(* Let $r\ge 1$, let $M=(v_1,\dots,v_n)$ be a finite list of nonzero vectors generating $\mathbb{F}_2^r$, let $G=G(\mathbb{F}_2^r,M)$, and let $\lambda_u=n-\sum_{i=1}^n(-1)^{u\cdot v_i}$ for $u\in\mathbb{F}_2^r$. For $1\le j\le r$, the additive order of the class of $x_j-1$ in $$R(G)=\mathbb{Z}[x_1,\dots,x_r]\Big/\Big(x_1^2-1,\dots,x_r^2-1,\ n-\sum_{i=1}^n\prod_{k=1}^r x_k^{(v_i)_k}\Big)$$ equals the minimum positive integer $C$ such that for every $v\in\mathbb{F}_2^r$, $$\frac{C}{2^{r-2}}\sum_{\substack{u\in\mathbb{F}_2^r:\ u\cdot v=1,\ u_j=1}}\frac{1}{\lambda_u}\in\mathbb{Z}.$$
   Context: The Cayley graph $G$ has vertex set $\mathbb{F}_2^r$ and Laplacian $L(G)$ indexed by $\mathbb{F}_2^r$ with $L(G)_{u,u}=n$ and $L(G)_{u,w}=-\#\{i:u+v_i=w\}$ for $u\ne w$. The $\lambda_u$ are the eigenvalues of $L(G)$, and $\lambda_u>0$ for $u\neq 0$. As abelian groups, $R(G)\cong\operatorname{coker}L(G)$ via identifying the monomial $\prod_k x_k^{w_k}$ ($w\in\mathbb{F}_2^r$) with the standard basis vector $e_w\in\mathbb{Z}^{2^r}$; the class of $x_j-1$ has finite additive order. *)

theory Defs
  imports Complex_Main
begin

text \<open>Vectors of F_2^r are modelled as boolean lists of length r (True = 1).
  Coordinate k (1-based, as in the paper) is list position k-1.\<close>

definition vecs :: "nat \<Rightarrow> bool list set" where
  "vecs r = {u. length u = r}"

definition zerov :: "nat \<Rightarrow> bool list" where
  "zerov r = replicate r False"

definition vadd :: "bool list \<Rightarrow> bool list \<Rightarrow> bool list" where
  "vadd u v = map2 (\<noteq>) u v"

definition dot :: "bool list \<Rightarrow> bool list \<Rightarrow> bool" where
  "dot u v = odd (card {i. i < length u \<and> u ! i \<and> v ! i})"

inductive_set f2span :: "nat \<Rightarrow> bool list list \<Rightarrow> bool list set" for r M where
  zero: "zerov r \<in> f2span r M"
| step: "x \<in> f2span r M \<Longrightarrow> v \<in> set M \<Longrightarrow> vadd v x \<in> f2span r M"

definition lam :: "bool list list \<Rightarrow> bool list \<Rightarrow> real" where
  "lam M u = real (length M) - (\<Sum>i<length M. if dot u (M ! i) then -1 else 1)"

text \<open>The ring Z[x_1..x_r]/(x_1^2-1,...,x_r^2-1) is the group ring Z[F_2^r]:
  the monomial prod_k x_k^(w_k) corresponds to the basis element delta_w.
  Elements are functions bool list => int (only values on vecs r matter).\<close>

definition delta :: "bool list \<Rightarrow> bool list \<Rightarrow> int" where
  "delta a w = (if w = a then 1 else 0)"

definition gr_mult :: "nat \<Rightarrow> (bool list \<Rightarrow> int) \<Rightarrow> (bool list \<Rightarrow> int) \<Rightarrow> bool list \<Rightarrow> int" where
  "gr_mult r f g w = (\<Sum>u\<in>vecs r. f u * g (vadd w u))"

definition relel :: "nat \<Rightarrow> bool list list \<Rightarrow> bool list \<Rightarrow> int" where
  "relel r M w = int (length M) * delta (zerov r) w - (\<Sum>i<length M. delta (M ! i) w)"

definition in_RG_ideal :: "nat \<Rightarrow> bool list list \<Rightarrow> (bool list \<Rightarrow> int) \<Rightarrow> bool" where
  "in_RG_ideal r M a \<longleftrightarrow> (\<exists>f. \<forall>w\<in>vecs r. a w = gr_mult r f (relel r M) w)"

definition RG_add_order :: "nat \<Rightarrow> bool list list \<Rightarrow> (bool list \<Rightarrow> int) \<Rightarrow> nat" where
  "RG_add_order r M a = (LEAST C::nat. C > 0 \<and> in_RG_ideal r M (\<lambda>w. int C * a w))"

definition unitv :: "nat \<Rightarrow> nat \<Rightarrow> bool list" where
  "unitv r j = map (\<lambda>i. i = j - 1) [0..<r]"

definition xj_minus_1 :: "nat \<Rightarrow> nat \<Rightarrow> bool list \<Rightarrow> int" where
  "xj_minus_1 r j w = delta (unitv r j) w - delta (zerov r) w"

definition integral_cond :: "nat \<Rightarrow> bool list list \<Rightarrow> nat \<Rightarrow> nat \<Rightarrow> bool" where
  "integral_cond r M j C \<longleftrightarrow>
     (\<forall>v\<in>vecs r. real C / 2 powr (real r - 2) *
        (\<Sum>u\<in>{u\<in>vecs r. dot u v \<and> u ! (j - 1)}. 1 / lam M u) \<in> \<int>)"

end

theory Submission imports Defs begin

text \<open>In the group ring Z[F_2^r], multiplication by the relation element is the Laplacian
  L f (w) = n f(w) - sum_i f(w + v_i) of the Cayley graph, so C (x_j - 1) lies in the ideal
  iff C (delta_{e_j} - delta_0) = L f for an integer-valued f. The characters
  chi_u(w) = (-1)^(u.w) are eigenfunctions of L with eigenvalues lambda_u, which yields the
  real solution g(v) = C / 2^(r-2) * sum_{u.v = 1, u_j = 1} 1 / lambda_u. As the graph is
  connected, harmonic functions are constant by the maximum principle, so every solution is
  g plus a constant; since g(0) = 0, an integer-valued solution exists iff g takes integer
  values. Finally C = 2^r prod_{u_j = 1} lambda_u clears all denominators.\<close>

lemma finite_vecs [simp]: "finite (vecs r)"
  using finite_lists_length_eq[of "UNIV :: bool set" r] by (simp add: vecs_def)

lemma card_vecs: "card (vecs r) = 2 ^ r"
  using card_lists_length_eq[of "UNIV :: bool set" r] by (simp add: vecs_def)

lemma zerov_in_vecs [simp]: "zerov r \<in> vecs r"
  by (simp add: zerov_def vecs_def)

lemma unitv_in_vecs [simp]: "unitv r j \<in> vecs r"
  by (simp add: unitv_def vecs_def)

lemma length_vadd [simp]: "length (vadd u v) = min (length u) (length v)"
  by (simp add: vadd_def)

lemma nth_vadd [simp]: "i < length u \<Longrightarrow> i < length v \<Longrightarrow> vadd u v ! i = (u ! i \<noteq> v ! i)"
  by (simp add: vadd_def)

lemma vadd_in_vecs: "u \<in> vecs r \<Longrightarrow> v \<in> vecs r \<Longrightarrow> vadd u v \<in> vecs r"
  by (simp add: vecs_def)

lemma vadd_commute: "length u = length v \<Longrightarrow> vadd u v = vadd v u"
  by (rule nth_equalityI) auto

lemma vadd_assoc:
  "length u = length v \<Longrightarrow> length v = length w \<Longrightarrow> vadd (vadd u v) w = vadd u (vadd v w)"
  by (rule nth_equalityI) auto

Task statement
Please copy, exactly and with nothing else, the lines above beginning at the line that has "theory Defs" and ending with the line that has "r = replicate".

Result below
theory Defs
  imports Complex_Main
begin

text \<open>Vectors of F_2^r are modelled as boolean lists of length r (True = 1).
  Coordinate k (1-based, as in the paper) is list position k-1.\<close>

definition vecs :: "nat \<Rightarrow> bool list set" where
  "vecs r = {u. length u = r}"

definition zerov :: "nat \<Rightarrow> bool list" where
  "zerov r = replicate r False"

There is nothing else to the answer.